■ **Aim of the exercise**: Using the data below, copy each line that includes the word "unfolding".

-------

lemma edge_err_cutoff_tendsto:
  assumes q: "0 < q" "q < 1"
  shows "(\<lambda>N. edge_err q N (cutoff N)) \<longlonglongrightarrow> 0"
proof (rule real_tendsto_sandwich[OF _ _ tendsto_const])
  define c where "c = - ln q"
  define K where "K N = cutoff N" for N
  have "0 < c" using q unfolding c_def by simp
  then show "(\<lambda>N::nat. sqrt N * exp (sqrt N * ln N) * (2 * exp (sqrt N * ln 2))
                         * exp (- c * (N - sqrt N - 1))) \<longlonglongrightarrow> 0"
    by real_asymp
  show "\<forall>\<^sub>F N in sequentially. 0 \<le> edge_err q N (cutoff N)"
    using q by (simp add: edge_err_def)
  show "\<forall>\<^sub>F N in sequentially. edge_err q N (cutoff N) \<le> sqrt N * exp (sqrt N * ln N)
          * (2 * exp (sqrt N * ln 2)) * exp (- c * (N - sqrt N - 1))"
    using eventually_ge_at_top[of 1]
  proof eventually_elim
    case (elim N)
    have "real N ^ K N \<le> exp (sqrt N * ln N)"
      using elim by (intro power_le_exp_of_ge_one) (auto simp: K_def cutoff_le)
    moreover have "(2::real) ^ (K N + 1) \<le> 2 * exp (sqrt N * ln 2)"
      using power_le_exp_of_ge_one[of 2 "K N" "sqrt N"] by (simp add: K_def cutoff_le)
    moreover have "q ^ (N - K N - 1) \<le> exp (- c * (N - sqrt N - 1))"
    proof -
      have "real N - sqrt N - 1 \<le> real (N - K N - 1)"
        using cutoff_le[of N] by (cases "K N + 1 \<le> N") (auto simp: K_def of_nat_diff)
      from power_le_exp_of_less_one[OF q this] show ?thesis unfolding c_def by (simp add: mult.commute)
    qed
    ultimately show ?case
      using cutoff_le[of N] q unfolding edge_err_def K_def by (intro mult_mono) auto
  qed
qed
text \<open>Two non-parallel segments of an M-set in the plane cannot cross at interior points:
  the sums \<open>p + q\<close> with \<open>p \<in> [a,b]\<close>, \<open>q \<in> [c,d]\<close> then cover a neighbourhood of \<open>a + b\<close>,
  in particular the point \<open>(1 + \<delta>) (a + b)\<close> of norm greater than 2.\<close>

lemma M_set_no_transversal_crossing:
  fixes a b c d :: "'a::real_normed_vector"
  assumes d2: "dim (UNIV :: 'a set) = 2" and MS: "M_set S"
    and pts: "a \<in> S" "b \<in> S" "c \<in> S" "d \<in> S" "a \<noteq> b" and disj: "{a, b} \<inter> {c, d} = {}"
    and transversal: "d - c \<notin> span {b - a}"
    and strict: "0 < \<alpha>" "\<alpha> < 1" "0 < \<beta>" "\<beta> < 1"
    and cross: "a + \<alpha> *\<^sub>R (b - a) = c + \<beta> *\<^sub>R (d - c)"
  shows False
proof -
  define u where "u = b - a"
  define v where "v = d - c"
  have "v \<notin> span {u}" using transversal unfolding u_def v_def .
  moreover have "independent {u}" using pts unfolding u_def by (simp add: real_vector.independent_insert)
  ultimately have "independent {v, u}" by (rule real_vector.independent_insertI)
  moreover have "v \<noteq> u" using transversal real_vector.span_base[of u "{u}"] unfolding u_def v_def by auto
  then have "card {v, u} = 2" by simp
  ultimately have "a + b \<in> span {v, u}" using d2 by (intro in_span_if_card_eq_dim_UNIV) simp_all
  then obtain \<tau> \<sigma> where coords: "a + b = \<tau> *\<^sub>R v + \<sigma> *\<^sub>R u" by (rule span_pair_coordinates)
  define e where "e = min (min \<alpha> (1 - \<alpha>)) (min \<beta> (1 - \<beta>))"
  define \<delta> where "\<delta> = e / (\<bar>\<sigma>\<bar> + \<bar>\<tau>\<bar> + 1)"
  have "e > 0" using strict unfolding e_def by auto
  then have "\<delta> > 0" unfolding \<delta>_def by (simp add: add_nonneg_pos)
  have small: "\<bar>\<delta> * t\<bar> \<le> e" if "\<bar>t\<bar> \<le> \<bar>\<sigma>\<bar> + \<bar>\<tau>\<bar> + 1" for t
  proof -
    have "\<bar>\<delta> * t\<bar> \<le> \<delta> * (\<bar>\<sigma>\<bar> + \<bar>\<tau>\<bar> + 1)"
      using \<open>\<delta> > 0\<close> that by (simp add: abs_mult mult_left_mono)
    then show ?thesis unfolding \<delta>_def by (simp add: add_nonneg_pos)
  qed
  define x where "x = 1 - \<alpha> + \<delta> * \<sigma>"
  define y where "y = \<beta> + \<delta> * \<tau>"
  have "\<bar>\<delta> * \<sigma>\<bar> \<le> e" "\<bar>\<delta> * \<tau>\<bar> \<le> e" by (intro small, simp)+
  then have "0 \<le> x" "x \<le> 1" "0 \<le> y" "y \<le> 1"
    unfolding x_def y_def e_def by (auto simp: abs_le_iff)
  then have p: "a + x *\<^sub>R u \<in> convex hull {a, b}" and q: "c + y *\<^sub>R v \<in> convex hull {c, d}"
    unfolding segment_convex_hull[symmetric] closed_segment_iff_shift u_def v_def by blast+
  have "(a + x *\<^sub>R u) + (c + y *\<^sub>R v) = (a + b) + \<delta> *\<^sub>R (\<tau> *\<^sub>R v + \<sigma> *\<^sub>R u)"
    using cross unfolding x_def y_def u_def v_def by (simp add: algebra_simps)
  also have "\<dots> = (1 + \<delta>) *\<^sub>R (a + b)" using coords by (simp add: algebra_simps)
  finally have "norm ((a + x *\<^sub>R u) + (c + y *\<^sub>R v)) = (1 + \<delta>) * 2"
    using M_set_midpoint_norm[OF MS pts(1,2,5)] \<open>\<delta> > 0\<close> by simp
  moreover have "norm ((a + x *\<^sub>R u) + (c + y *\<^sub>R v)) \<le> 2"
    using M_set_hull_sum_norm[OF MS _ _ disj p q] pts by auto
  ultimately show False using \<open>\<delta> > 0\<close> by simp
qed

-------

■ **Finished exercise**:
  have "0 < c" using q unfolding c_def by simp
      from power_le_exp_of_less_one[OF q this] show ?thesis unfolding c_def by (simp add: mult.commute)
      using cutoff_le[of N] q unfolding edge_err_def K_def by (intro mult_mono) auto
  have "v \<notin> span {u}" using transversal unfolding u_def v_def .
  moreover have "independent {u}" using pts unfolding u_def by (simp add: real_vector.independent_insert)
  moreover have "v \<noteq> u" using transversal real_vector.span_base[of u "{u}"] unfolding u_def v_def by auto
  have "e > 0" using strict unfolding e_def by auto
  then have "\<delta> > 0" unfolding \<delta>_def by (simp add: add_nonneg_pos)
    then show ?thesis unfolding \<delta>_def by (simp add: add_nonneg_pos)
    unfolding x_def y_def e_def by (auto simp: abs_le_iff)
    unfolding segment_convex_hull[symmetric] closed_segment_iff_shift u_def v_def by blast+
    using cross unfolding x_def y_def u_def v_def by (simp add: algebra_simps)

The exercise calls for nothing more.